A word-for-word repetition of the records beneath this task is the expected answer.

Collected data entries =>

=== Section Start ===

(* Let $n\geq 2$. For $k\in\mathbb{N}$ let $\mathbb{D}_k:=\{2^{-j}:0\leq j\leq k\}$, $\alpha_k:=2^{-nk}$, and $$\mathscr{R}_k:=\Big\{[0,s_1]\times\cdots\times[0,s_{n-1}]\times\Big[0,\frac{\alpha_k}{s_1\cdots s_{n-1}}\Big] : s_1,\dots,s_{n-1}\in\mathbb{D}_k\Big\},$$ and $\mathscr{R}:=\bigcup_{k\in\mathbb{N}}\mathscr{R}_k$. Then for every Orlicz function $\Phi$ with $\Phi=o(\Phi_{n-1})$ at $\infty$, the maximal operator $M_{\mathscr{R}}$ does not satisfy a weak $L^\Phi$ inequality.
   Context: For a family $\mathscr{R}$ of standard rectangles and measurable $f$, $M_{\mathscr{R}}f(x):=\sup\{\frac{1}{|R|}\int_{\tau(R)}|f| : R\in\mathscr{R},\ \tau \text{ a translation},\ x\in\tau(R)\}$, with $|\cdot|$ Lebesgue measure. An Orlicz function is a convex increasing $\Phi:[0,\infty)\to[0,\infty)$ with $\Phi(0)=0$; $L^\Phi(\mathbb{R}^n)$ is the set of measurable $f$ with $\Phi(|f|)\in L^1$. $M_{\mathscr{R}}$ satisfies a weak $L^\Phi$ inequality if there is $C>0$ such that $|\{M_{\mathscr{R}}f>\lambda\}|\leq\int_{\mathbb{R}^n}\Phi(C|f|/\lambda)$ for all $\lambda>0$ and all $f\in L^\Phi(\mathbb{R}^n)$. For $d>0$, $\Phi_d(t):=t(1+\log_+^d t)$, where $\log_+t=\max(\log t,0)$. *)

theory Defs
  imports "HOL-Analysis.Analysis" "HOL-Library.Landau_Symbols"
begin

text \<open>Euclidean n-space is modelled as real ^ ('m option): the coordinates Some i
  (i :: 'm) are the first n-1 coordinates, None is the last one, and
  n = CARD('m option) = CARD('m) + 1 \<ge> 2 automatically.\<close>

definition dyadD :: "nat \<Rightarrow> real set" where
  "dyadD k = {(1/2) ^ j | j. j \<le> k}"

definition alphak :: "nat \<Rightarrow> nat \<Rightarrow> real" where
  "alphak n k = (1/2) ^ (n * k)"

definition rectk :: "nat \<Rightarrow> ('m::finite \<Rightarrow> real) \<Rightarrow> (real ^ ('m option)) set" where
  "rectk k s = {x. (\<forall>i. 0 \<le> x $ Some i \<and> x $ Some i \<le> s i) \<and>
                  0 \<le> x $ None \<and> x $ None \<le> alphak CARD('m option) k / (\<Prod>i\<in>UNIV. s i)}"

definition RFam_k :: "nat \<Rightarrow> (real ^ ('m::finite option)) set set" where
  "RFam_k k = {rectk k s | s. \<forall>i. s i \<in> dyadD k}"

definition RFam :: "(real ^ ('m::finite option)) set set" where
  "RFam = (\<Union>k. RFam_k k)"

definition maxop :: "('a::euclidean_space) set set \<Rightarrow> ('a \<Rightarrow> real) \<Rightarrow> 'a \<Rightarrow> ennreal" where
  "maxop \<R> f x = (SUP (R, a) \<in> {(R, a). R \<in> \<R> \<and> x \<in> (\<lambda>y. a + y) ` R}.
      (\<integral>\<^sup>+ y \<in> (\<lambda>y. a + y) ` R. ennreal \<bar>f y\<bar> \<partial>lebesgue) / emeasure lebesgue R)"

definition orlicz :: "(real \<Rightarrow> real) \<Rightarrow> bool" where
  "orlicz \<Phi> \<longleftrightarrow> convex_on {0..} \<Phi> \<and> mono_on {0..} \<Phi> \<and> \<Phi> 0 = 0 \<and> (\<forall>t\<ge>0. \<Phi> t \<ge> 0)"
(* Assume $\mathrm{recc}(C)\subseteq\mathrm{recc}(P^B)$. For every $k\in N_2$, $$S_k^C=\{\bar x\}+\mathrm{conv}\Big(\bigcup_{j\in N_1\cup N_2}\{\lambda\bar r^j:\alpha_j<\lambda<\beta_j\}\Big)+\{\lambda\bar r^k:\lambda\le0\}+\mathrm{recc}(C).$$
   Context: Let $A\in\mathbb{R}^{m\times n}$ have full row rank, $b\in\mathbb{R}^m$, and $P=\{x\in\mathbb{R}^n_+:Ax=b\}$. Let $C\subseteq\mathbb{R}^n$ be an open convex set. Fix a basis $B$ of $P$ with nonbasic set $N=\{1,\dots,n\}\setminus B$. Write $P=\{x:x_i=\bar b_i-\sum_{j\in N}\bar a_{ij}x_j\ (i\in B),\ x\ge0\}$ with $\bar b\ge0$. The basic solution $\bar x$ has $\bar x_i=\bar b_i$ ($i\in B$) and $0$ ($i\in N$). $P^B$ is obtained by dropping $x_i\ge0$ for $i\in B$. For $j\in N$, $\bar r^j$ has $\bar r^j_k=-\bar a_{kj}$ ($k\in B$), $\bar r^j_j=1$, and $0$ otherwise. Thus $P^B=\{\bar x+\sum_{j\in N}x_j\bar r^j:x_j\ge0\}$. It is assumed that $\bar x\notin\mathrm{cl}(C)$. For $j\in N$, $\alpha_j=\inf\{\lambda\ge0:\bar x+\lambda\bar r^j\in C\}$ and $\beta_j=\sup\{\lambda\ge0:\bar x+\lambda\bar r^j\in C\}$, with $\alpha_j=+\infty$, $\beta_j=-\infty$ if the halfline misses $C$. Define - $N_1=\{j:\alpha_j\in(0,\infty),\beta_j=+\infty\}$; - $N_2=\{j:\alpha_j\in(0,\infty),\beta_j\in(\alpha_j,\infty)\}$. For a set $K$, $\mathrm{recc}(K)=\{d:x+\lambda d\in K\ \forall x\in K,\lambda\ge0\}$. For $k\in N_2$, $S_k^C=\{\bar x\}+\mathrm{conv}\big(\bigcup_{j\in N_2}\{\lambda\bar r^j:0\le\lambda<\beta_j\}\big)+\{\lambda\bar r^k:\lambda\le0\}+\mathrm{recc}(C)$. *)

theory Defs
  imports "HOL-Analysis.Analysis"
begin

=== Section End ===

Answer area =>
(* Let $n\geq 2$. For $k\in\mathbb{N}$ let $\mathbb{D}_k:=\{2^{-j}:0\leq j\leq k\}$, $\alpha_k:=2^{-nk}$, and $$\mathscr{R}_k:=\Big\{[0,s_1]\times\cdots\times[0,s_{n-1}]\times\Big[0,\frac{\alpha_k}{s_1\cdots s_{n-1}}\Big] : s_1,\dots,s_{n-1}\in\mathbb{D}_k\Big\},$$ and $\mathscr{R}:=\bigcup_{k\in\mathbb{N}}\mathscr{R}_k$. Then for every Orlicz function $\Phi$ with $\Phi=o(\Phi_{n-1})$ at $\infty$, the maximal operator $M_{\mathscr{R}}$ does not satisfy a weak $L^\Phi$ inequality.
   Context: For a family $\mathscr{R}$ of standard rectangles and measurable $f$, $M_{\mathscr{R}}f(x):=\sup\{\frac{1}{|R|}\int_{\tau(R)}|f| : R\in\mathscr{R},\ \tau \text{ a translation},\ x\in\tau(R)\}$, with $|\cdot|$ Lebesgue measure. An Orlicz function is a convex increasing $\Phi:[0,\infty)\to[0,\infty)$ with $\Phi(0)=0$; $L^\Phi(\mathbb{R}^n)$ is the set of measurable $f$ with $\Phi(|f|)\in L^1$. $M_{\mathscr{R}}$ satisfies a weak $L^\Phi$ inequality if there is $C>0$ such that $|\{M_{\mathscr{R}}f>\lambda\}|\leq\int_{\mathbb{R}^n}\Phi(C|f|/\lambda)$ for all $\lambda>0$ and all $f\in L^\Phi(\mathbb{R}^n)$. For $d>0$, $\Phi_d(t):=t(1+\log_+^d t)$, where $\log_+t=\max(\log t,0)$. *)

theory Defs
  imports "HOL-Analysis.Analysis" "HOL-Library.Landau_Symbols"
begin

text \<open>Euclidean n-space is modelled as real ^ ('m option): the coordinates Some i
  (i :: 'm) are the first n-1 coordinates, None is the last one, and
  n = CARD('m option) = CARD('m) + 1 \<ge> 2 automatically.\<close>

definition dyadD :: "nat \<Rightarrow> real set" where
  "dyadD k = {(1/2) ^ j | j. j \<le> k}"

definition alphak :: "nat \<Rightarrow> nat \<Rightarrow> real" where
  "alphak n k = (1/2) ^ (n * k)"

definition rectk :: "nat \<Rightarrow> ('m::finite \<Rightarrow> real) \<Rightarrow> (real ^ ('m option)) set" where
  "rectk k s = {x. (\<forall>i. 0 \<le> x $ Some i \<and> x $ Some i \<le> s i) \<and>
                  0 \<le> x $ None \<and> x $ None \<le> alphak CARD('m option) k / (\<Prod>i\<in>UNIV. s i)}"

definition RFam_k :: "nat \<Rightarrow> (real ^ ('m::finite option)) set set" where
  "RFam_k k = {rectk k s | s. \<forall>i. s i \<in> dyadD k}"

definition RFam :: "(real ^ ('m::finite option)) set set" where
  "RFam = (\<Union>k. RFam_k k)"

definition maxop :: "('a::euclidean_space) set set \<Rightarrow> ('a \<Rightarrow> real) \<Rightarrow> 'a \<Rightarrow> ennreal" where
  "maxop \<R> f x = (SUP (R, a) \<in> {(R, a). R \<in> \<R> \<and> x \<in> (\<lambda>y. a + y) ` R}.
      (\<integral>\<^sup>+ y \<in> (\<lambda>y. a + y) ` R. ennreal \<bar>f y\<bar> \<partial>lebesgue) / emeasure lebesgue R)"

definition orlicz :: "(real \<Rightarrow> real) \<Rightarrow> bool" where
  "orlicz \<Phi> \<longleftrightarrow> convex_on {0..} \<Phi> \<and> mono_on {0..} \<Phi> \<and> \<Phi> 0 = 0 \<and> (\<forall>t\<ge>0. \<Phi> t \<ge> 0)"
(* Assume $\mathrm{recc}(C)\subseteq\mathrm{recc}(P^B)$. For every $k\in N_2$, $$S_k^C=\{\bar x\}+\mathrm{conv}\Big(\bigcup_{j\in N_1\cup N_2}\{\lambda\bar r^j:\alpha_j<\lambda<\beta_j\}\Big)+\{\lambda\bar r^k:\lambda\le0\}+\mathrm{recc}(C).$$
   Context: Let $A\in\mathbb{R}^{m\times n}$ have full row rank, $b\in\mathbb{R}^m$, and $P=\{x\in\mathbb{R}^n_+:Ax=b\}$. Let $C\subseteq\mathbb{R}^n$ be an open convex set. Fix a basis $B$ of $P$ with nonbasic set $N=\{1,\dots,n\}\setminus B$. Write $P=\{x:x_i=\bar b_i-\sum_{j\in N}\bar a_{ij}x_j\ (i\in B),\ x\ge0\}$ with $\bar b\ge0$. The basic solution $\bar x$ has $\bar x_i=\bar b_i$ ($i\in B$) and $0$ ($i\in N$). $P^B$ is obtained by dropping $x_i\ge0$ for $i\in B$. For $j\in N$, $\bar r^j$ has $\bar r^j_k=-\bar a_{kj}$ ($k\in B$), $\bar r^j_j=1$, and $0$ otherwise. Thus $P^B=\{\bar x+\sum_{j\in N}x_j\bar r^j:x_j\ge0\}$. It is assumed that $\bar x\notin\mathrm{cl}(C)$. For $j\in N$, $\alpha_j=\inf\{\lambda\ge0:\bar x+\lambda\bar r^j\in C\}$ and $\beta_j=\sup\{\lambda\ge0:\bar x+\lambda\bar r^j\in C\}$, with $\alpha_j=+\infty$, $\beta_j=-\infty$ if the halfline misses $C$. Define - $N_1=\{j:\alpha_j\in(0,\infty),\beta_j=+\infty\}$; - $N_2=\{j:\alpha_j\in(0,\infty),\beta_j\in(\alpha_j,\infty)\}$. For a set $K$, $\mathrm{recc}(K)=\{d:x+\lambda d\in K\ \forall x\in K,\lambda\ge0\}$. For $k\in N_2$, $S_k^C=\{\bar x\}+\mathrm{conv}\big(\bigcup_{j\in N_2}\{\lambda\bar r^j:0\le\lambda<\beta_j\}\big)+\{\lambda\bar r^k:\lambda\le0\}+\mathrm{recc}(C)$. *)

theory Defs
  imports "HOL-Analysis.Analysis"
begin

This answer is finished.